The lines to be extracted run from the start of the listing through the line containing "using a0 shrinkage_sum_surj[of"; copy them exactly and nothing else.

===== Supplied material

lemma fK_image: "fK K n0 s0 ` {0<..} = {1 / (real K + 1)<..<1}"
proof (intro equalityI subsetI)
  fix a0 assume a0: "a0 \<in> {1 / (real K + 1)<..<1}"
  then have "a0 > 0"
    by (auto intro: less_trans[of 0 "1 / (real K + 1)"])
  then obtain v where "v > 0" "shrink v = 1 / a0 - 1"
    using a0 shrinkage_sum_surj[of "1 / a0 - 1"] by (auto simp: field_simps)
  with \<open>a0 > 0\<close> show "a0 \<in> fK K n0 s0 ` {0<..}"
    by (intro image_eqI[of _ _ v]) (auto simp: fK_eq)
qed (use fK_mem in blast)

lemma fK_has_derivative:
  assumes "v > 0" shows "(fK K n0 s0 has_real_derivative fK' v) (at v)"
proof -
  have "((\<lambda>x. 1 + shrink x) has_real_derivative shrinkage_sum_deriv {1..K} prec v) (at v)"
    using shrinkage_sum_has_derivative[OF assms] by (auto intro!: derivative_eq_intros)
  from DERIV_inverse_fun[OF this] show ?thesis
    using shrinkage_sum_pos[OF assms]
    by (simp add: fK_eq[abs_def] fK'_def power2_eq_square divide_inverse inverse_mult_distrib)
qed

lemma fK'_nonpos: "v > 0 \<Longrightarrow> fK' v \<le> 0"
  unfolding fK'_def shrinkage_sum_deriv_def
  by (auto intro!: sum_nonneg divide_nonneg_nonneg less_imp_le[OF prec_pos])

lemma abs_deriv_fK: "v > 0 \<Longrightarrow> \<bar>deriv (fK K n0 s0) v\<bar> = - fK' v"
  using DERIV_imp_deriv[OF fK_has_derivative] fK'_nonpos by simp

lemma continuous_on_fK': "continuous_on {0<..} fK'"
proof -
  have "prec k * v + 1 \<noteq> 0" "prec k + 1 / v \<noteq> 0" if "k \<in> {1..K}" "v > 0" for k v
    using prec_pos[OF that(1)] that(2) by (auto simp: add_pos_pos intro!: less_imp_neq[symmetric])
  moreover have "1 + shrink v \<noteq> 0" if "v > 0" for v
    using shrinkage_sum_pos[OF that] by simp
  ultimately show ?thesis
    unfolding fK'_def shrinkage_sum_deriv_def shrinkage_sum_def
    by (intro continuous_intros) auto
qed

lemma measurable_fK' [measurable]: "fK' \<in> borel_measurable borel"
  unfolding fK'_def shrinkage_sum_deriv_def shrinkage_sum_def by measurable

lemma measurable_fK [measurable]: "fK K n0 s0 \<in> borel_measurable borel"
  unfolding fK_def by measurable

lemma fK_inv_pos: "a0 \<in> {1 / (real K + 1)<..<1} \<Longrightarrow> fK_inv a0 > 0"
  unfolding fK_inv_def using inv_into_into[of a0 "fK K n0 s0" "{0<..}"] fK_image by auto

lemma fK_fK_inv: "a0 \<in> {1 / (real K + 1)<..<1} \<Longrightarrow> fK K n0 s0 (fK_inv a0) = a0"
  unfolding fK_inv_def using f_inv_into_f[of a0 "fK K n0 s0" "{0<..}"] fK_image by auto

lemma fK_inv_fK: "v > 0 \<Longrightarrow> fK_inv (fK K n0 s0 v) = v"
  unfolding fK_inv_def using inv_into_f_f[OF fK_inj, of v] by simp

lemma measurable_fK_inv [measurable]:
  "fK_inv \<in> borel_measurable (restrict_space borel {1 / (real K + 1)<..<1})"
proof -
  have "mono_on {1 / (real K + 1)<..<1} (\<lambda>a. - fK_inv a)"
  proof (rule mono_onI)
    fix a b assume ab: "a \<in> {1 / (real K + 1)<..<1}" "b \<in> {1 / (real K + 1)<..<1}" "a \<le> b"
    show "- fK_inv a \<le> - fK_inv b"
    proof (rule ccontr)
      assume "\<not> - fK_inv a \<le> - fK_inv b"
      then have "fK K n0 s0 (fK_inv b) < fK K n0 s0 (fK_inv a)"
        using ab by (intro fK_strict_antimono fK_inv_pos) auto
      with ab show False
        by (simp add: fK_fK_inv)
    qed
  qed
  from borel_measurable_mono_on_fnc[OF this]
  have "(\<lambda>a. - (- fK_inv a)) \<in> borel_measurable (restrict_space borel {1 / (real K + 1)<..<1})"
    by measurable
  then show ?thesis
    by simp
qed

lemma hk_eq: "hk K n0 s0 k a0 = a0 / (1 + prec k * fK_inv a0)"
  by (simp add: hk_def fK_inv_def prec_def divide_inverse mult_ac)

lemma hk_bounds:
  assumes a0: "a0 \<in> {1 / (real K + 1)<..<1}" and k: "k \<in> {1..K}"
  shows "0 < hk K n0 s0 k a0 \<and> hk K n0 s0 k a0 < 1"
proof -
  have "a0 > 0" "a0 < 1"
    using a0 by (auto intro: less_trans[of 0 "1 / (real K + 1)"])
  moreover have "prec k * fK_inv a0 > 0"
    using prec_pos[OF k] fK_inv_pos[OF a0] by simp
  ultimately show ?thesis
    unfolding hk_eq by (simp add: divide_less_eq)
qed

lemma Nk_eq: "Nk n0 s0 v k = inverse (prec k + 1 / v)"
  by (simp add: Nk_def prec_def)

lemma Nk_pos: "v > 0 \<Longrightarrow> k \<in> {1..K} \<Longrightarrow> Nk n0 s0 v k > 0"
  unfolding Nk_eq using prec_pos by (simp add: add_pos_pos)

lemma Nk_eq_div: "v > 0 \<Longrightarrow> Nk n0 s0 v k = v / (prec k * v + 1)"
  unfolding Nk_eq by (simp add: field_simps)

lemma Cc_eq: "v > 0 \<Longrightarrow> Cc K n0 s0 v = shrink v / v"
  unfolding Cc_def shrinkage_sum_def sum_divide_distrib
  by (intro sum.cong refl) (simp add: Nk_eq prec_def divide_inverse mult_ac)

lemma Cc_pos: "v > 0 \<Longrightarrow> Cc K n0 s0 v > 0"
  using shrinkage_sum_pos by (simp add: Cc_eq)

lemma Aa_eq: "v > 0 \<Longrightarrow> Aa K n0 s0 v = (1 + shrink v) / v"
proof -
  assume v: "v > 0"
  have "Nk n0 s0 v k / v\<^sup>2 = (1 - prec k / (prec k + 1 / v)) / v" if "k \<in> {1..K}" for k
  proof -
    have "prec k * v + 1 > 0"
      using v prec_pos[OF that] by (simp add: add_pos_pos)
    then have "1 - prec k / (prec k + 1 / v) = 1 / (prec k * v + 1)"
      using v by (simp add: shrinkage_weight_eq field_simps)
    moreover have "Nk n0 s0 v k / v\<^sup>2 = 1 / (prec k * v + 1) / v"
      using v by (simp add: Nk_eq_div power2_eq_square)
    ultimately show ?thesis
      by simp
  qed
  then have "(\<Sum>k=1..K. Nk n0 s0 v k) / v\<^sup>2 = (real K - shrink v) / v"
    unfolding sum_divide_distrib shrinkage_sum_def
    by (simp add: sum_subtractf diff_divide_distrib[symmetric] sum_divide_distrib[symmetric])
  then show ?thesis
    unfolding Aa_def by (simp add: diff_divide_distrib[symmetric])
qed

lemma hk_fK_prec:
  assumes "v > 0" "k \<in> {1..K}"
  shows "hk K n0 s0 k (fK K n0 s0 v) * prec k = fK K n0 s0 v * (prec k * Nk n0 s0 v k / v)"
proof -
  have "prec k * v + 1 > 0"
    using assms prec_pos by (simp add: add_pos_pos)
  have "hk K n0 s0 k (fK K n0 s0 v) * prec k = fK K n0 s0 v * prec k / (prec k * v + 1)"
    using assms by (simp add: hk_eq fK_inv_fK add.commute)
  also have "\<dots> = fK K n0 s0 v * (prec k * Nk n0 s0 v k / v)"
    using assms \<open>prec k * v + 1 > 0\<close> by (simp add: Nk_eq_div)
  finally show ?thesis .
qed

==========

**Exercise output**
lemma fK_image: "fK K n0 s0 ` {0<..} = {1 / (real K + 1)<..<1}"
proof (intro equalityI subsetI)
  fix a0 assume a0: "a0 \<in> {1 / (real K + 1)<..<1}"
  then have "a0 > 0"
    by (auto intro: less_trans[of 0 "1 / (real K + 1)"])
  then obtain v where "v > 0" "shrink v = 1 / a0 - 1"
    using a0 shrinkage_sum_surj[of "1 / a0 - 1"] by (auto simp: field_simps)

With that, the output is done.